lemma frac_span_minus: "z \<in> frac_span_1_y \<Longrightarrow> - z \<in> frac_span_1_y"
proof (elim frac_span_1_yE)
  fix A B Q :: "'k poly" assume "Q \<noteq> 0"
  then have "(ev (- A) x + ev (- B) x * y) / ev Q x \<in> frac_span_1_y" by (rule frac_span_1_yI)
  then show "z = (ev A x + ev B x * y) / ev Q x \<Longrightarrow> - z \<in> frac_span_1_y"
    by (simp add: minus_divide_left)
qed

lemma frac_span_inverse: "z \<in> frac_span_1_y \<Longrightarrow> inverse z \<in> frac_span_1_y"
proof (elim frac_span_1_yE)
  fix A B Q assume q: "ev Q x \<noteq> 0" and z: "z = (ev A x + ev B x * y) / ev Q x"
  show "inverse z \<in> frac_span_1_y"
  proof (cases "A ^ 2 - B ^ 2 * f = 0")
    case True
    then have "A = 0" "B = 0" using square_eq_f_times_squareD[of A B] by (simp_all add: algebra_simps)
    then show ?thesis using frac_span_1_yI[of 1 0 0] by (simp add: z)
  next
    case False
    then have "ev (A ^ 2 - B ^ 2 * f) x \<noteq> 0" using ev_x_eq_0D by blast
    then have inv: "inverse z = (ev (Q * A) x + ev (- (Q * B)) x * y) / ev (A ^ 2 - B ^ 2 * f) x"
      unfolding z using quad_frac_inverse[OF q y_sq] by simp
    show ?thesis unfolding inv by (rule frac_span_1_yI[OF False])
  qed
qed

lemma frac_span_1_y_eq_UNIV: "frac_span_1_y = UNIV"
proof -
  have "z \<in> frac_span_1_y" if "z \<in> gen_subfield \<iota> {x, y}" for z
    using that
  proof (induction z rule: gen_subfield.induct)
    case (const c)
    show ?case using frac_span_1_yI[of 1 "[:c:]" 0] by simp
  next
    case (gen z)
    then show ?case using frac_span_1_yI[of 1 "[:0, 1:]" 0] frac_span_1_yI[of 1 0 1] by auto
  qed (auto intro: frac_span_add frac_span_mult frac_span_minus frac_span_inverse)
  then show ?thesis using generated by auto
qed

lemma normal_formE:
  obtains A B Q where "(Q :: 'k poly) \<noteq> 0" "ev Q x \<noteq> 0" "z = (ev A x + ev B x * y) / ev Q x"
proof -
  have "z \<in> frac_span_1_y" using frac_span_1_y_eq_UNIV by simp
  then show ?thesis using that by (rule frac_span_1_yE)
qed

------------------------------

# WHAT IS EXPECTED
Retype the records above from the very first line down to the line with "frac_span_1_y \<Longrightarrow> inverse", keeping both of those lines. Include nothing beyond them.

# EXERCISE RESPONSE
lemma frac_span_minus: "z \<in> frac_span_1_y \<Longrightarrow> - z \<in> frac_span_1_y"
proof (elim frac_span_1_yE)
  fix A B Q :: "'k poly" assume "Q \<noteq> 0"
  then have "(ev (- A) x + ev (- B) x * y) / ev Q x \<in> frac_span_1_y" by (rule frac_span_1_yI)
  then show "z = (ev A x + ev B x * y) / ev Q x \<Longrightarrow> - z \<in> frac_span_1_y"
    by (simp add: minus_divide_left)
qed

lemma frac_span_inverse: "z \<in> frac_span_1_y \<Longrightarrow> inverse z \<in> frac_span_1_y"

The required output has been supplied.